(* In the setting described in the context, there exists $\overline\alpha>0$ such that for every $\alpha\in[0,\overline\alpha]$, the function $z_{1,\alpha}$ is nonnegative on $(0,R)$.
   Context: Let $n=2$, $\Omega=\mathbb B(0,R)$, $0<m_0<\kappa$, $r_0^*\in(0,R)$ with $\kappa|\mathbb B(0,r_0^* )|=m_0|\Omega|$, $m_0^*=\kappa\mathds 1_{\mathbb B(0,r_0^* )}$ and $\sigma_\alpha=1+\alpha m_0^*$. Let $\lambda_{0,\alpha}$ be the principal Dirichlet eigenvalue of $u\mapsto-\nabla\cdot(\sigma_\alpha\nabla u)-m_0^*u$ on $\Omega$ and $u_{0,\alpha}$ the nonnegative $L^2$-normalized eigenfunction, which is radial; we write $u_{0,\alpha}(r)$ for its profile. For $f$ defined near $r_0^*$, $f|_{int}(r_0^* )$, $f|_{ext}(r_0^* )$ denote the one-sided limits from $r<r_0^*$ and $r>r_0^*$, and $[\![f]\!]=f|_{ext}-f|_{int}$. For $k\ge1$, $z_{k,\alpha}:[0,R]\to\mathbb{R}$ is the solution of $-\sigma_\alpha z''-\frac{\sigma_\alpha}{r}z'=(\lambda_{0,\alpha}-\frac{k^2}{r^2})z+m_0^*z$ on $(0,r_0^* )\cup(r_0^*,R)$, with $[\![\sigma_\alpha z']\!](r_0^* )=-\kappa u_{0,\alpha}(r_0^* )$, $[\![z]\!](r_0^* )=-[\![\partial_ru_{0,\alpha}]\!](r_0^* )$, $z(0)=0$, $z(R)=0$. *)

theory Defs
  imports "HOL-Analysis.Analysis"
begin

text \<open>Radial setting in dimension 2: Omega = B(0,R), m0* = kappa * indicator of B(0,r0),
  sigma_alpha = 1 + alpha * m0*.  All functions below are radial profiles on [0,R].\<close>

definition mstar :: "real \<Rightarrow> real \<Rightarrow> real \<Rightarrow> real" where
  "mstar \<kappa> r0 r = (if r < r0 then \<kappa> else 0)"

definition sigma :: "real \<Rightarrow> real \<Rightarrow> real \<Rightarrow> real \<Rightarrow> real" where
  "sigma \<kappa> r0 \<alpha> r = 1 + \<alpha> * mstar \<kappa> r0 r"

definition solves_radial_ode ::
  "real \<Rightarrow> real \<Rightarrow> real \<Rightarrow> real \<Rightarrow> real \<Rightarrow> nat \<Rightarrow> (real \<Rightarrow> real) \<Rightarrow> (real \<Rightarrow> real) \<Rightarrow> bool" where
  "solves_radial_ode \<kappa> r0 \<alpha> R lam k f f' \<longleftrightarrow>
     (\<forall>r \<in> {0<..<r0} \<union> {r0<..<R}.
        (f has_real_derivative f' r) (at r) \<and>
        (\<exists>f''. (f' has_real_derivative f'') (at r) \<and>
           - sigma \<kappa> r0 \<alpha> r * f'' - sigma \<kappa> r0 \<alpha> r / r * f' r
             = (lam - real k ^ 2 / r ^ 2) * f r + mstar \<kappa> r0 r * f r))"

text \<open>Radial Dirichlet eigenfunction of u \<mapsto> -div(sigma grad u) - m0* u on B(0,R):
  profile continuous on [0,R] (regular at the origin), classical solution on each phase,
  transmission conditions (continuity of u and of sigma u') at r0, u(R) = 0, nontrivial.\<close>
definition radial_eigenfunction ::
  "real \<Rightarrow> real \<Rightarrow> real \<Rightarrow> real \<Rightarrow> real \<Rightarrow> (real \<Rightarrow> real) \<Rightarrow> bool" where
  "radial_eigenfunction \<kappa> r0 \<alpha> R lam u \<longleftrightarrow>
     continuous_on {0..R} u \<and>
     (\<exists>u' a b. solves_radial_ode \<kappa> r0 \<alpha> R lam 0 u u' \<and>
        (u' \<longlongrightarrow> a) (at_left r0) \<and> (u' \<longlongrightarrow> b) (at_right r0) \<and>
        b - (1 + \<alpha> * \<kappa>) * a = 0) \<and>
     u R = 0 \<and> (\<exists>r \<in> {0..R}. u r \<noteq> 0)"

definition principal_eigenpair ::
  "real \<Rightarrow> real \<Rightarrow> real \<Rightarrow> real \<Rightarrow> real \<Rightarrow> (real \<Rightarrow> real) \<Rightarrow> bool" where
  "principal_eigenpair \<kappa> r0 \<alpha> R lam u \<longleftrightarrow>
     radial_eigenfunction \<kappa> r0 \<alpha> R lam u \<and>
     (\<forall>\<mu> v. radial_eigenfunction \<kappa> r0 \<alpha> R \<mu> v \<longrightarrow> lam \<le> \<mu>) \<and>
     (\<forall>r \<in> {0..R}. 0 \<le> u r) \<and>
     integral (ball (0::real^2) R) (\<lambda>x. (u (norm x))\<^sup>2) = 1"

text \<open>z = z_{k,alpha}: solves the radial ODE on (0,r0) and (r0,R), is continuous up to the
  boundary of each phase, with jump conditions
  [[sigma z']](r0) = - kappa u(r0),  [[z]](r0) = - [[u']](r0),  z(0) = 0, z(R) = 0,
  where [[f]] = f|ext - f|int (one-sided limits).\<close>
definition z_problem ::
  "real \<Rightarrow> real \<Rightarrow> real \<Rightarrow> real \<Rightarrow> real \<Rightarrow> (real \<Rightarrow> real) \<Rightarrow> nat \<Rightarrow> (real \<Rightarrow> real) \<Rightarrow> bool" where
  "z_problem \<kappa> r0 \<alpha> R lam u k z \<longleftrightarrow>
     continuous_on {0..<r0} z \<and> continuous_on {r0<..R} z \<and>
     (\<exists>z' u' zi ze dzi dze dui due.
        solves_radial_ode \<kappa> r0 \<alpha> R lam k z z' \<and>
        (\<forall>r \<in> {0<..<r0} \<union> {r0<..<R}. (u has_real_derivative u' r) (at r)) \<and>
        (z \<longlongrightarrow> zi) (at_left r0) \<and> (z \<longlongrightarrow> ze) (at_right r0) \<and>
        (z' \<longlongrightarrow> dzi) (at_left r0) \<and> (z' \<longlongrightarrow> dze) (at_right r0) \<and>
        (u' \<longlongrightarrow> dui) (at_left r0) \<and> (u' \<longlongrightarrow> due) (at_right r0) \<and>
        1 * dze - (1 + \<alpha> * \<kappa>) * dzi = - \<kappa> * u r0 \<and>
        ze - zi = - (due - dui)) \<and>
     z 0 = 0 \<and> z R = 0"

--

ACTION ITEM:
For each line in the records that contains the word "definition", make a copy.

EXERCISE ANSWER:
definition mstar :: "real \<Rightarrow> real \<Rightarrow> real \<Rightarrow> real" where
definition sigma :: "real \<Rightarrow> real \<Rightarrow> real \<Rightarrow> real \<Rightarrow> real" where
definition solves_radial_ode ::
definition radial_eigenfunction ::
definition principal_eigenpair ::
definition z_problem ::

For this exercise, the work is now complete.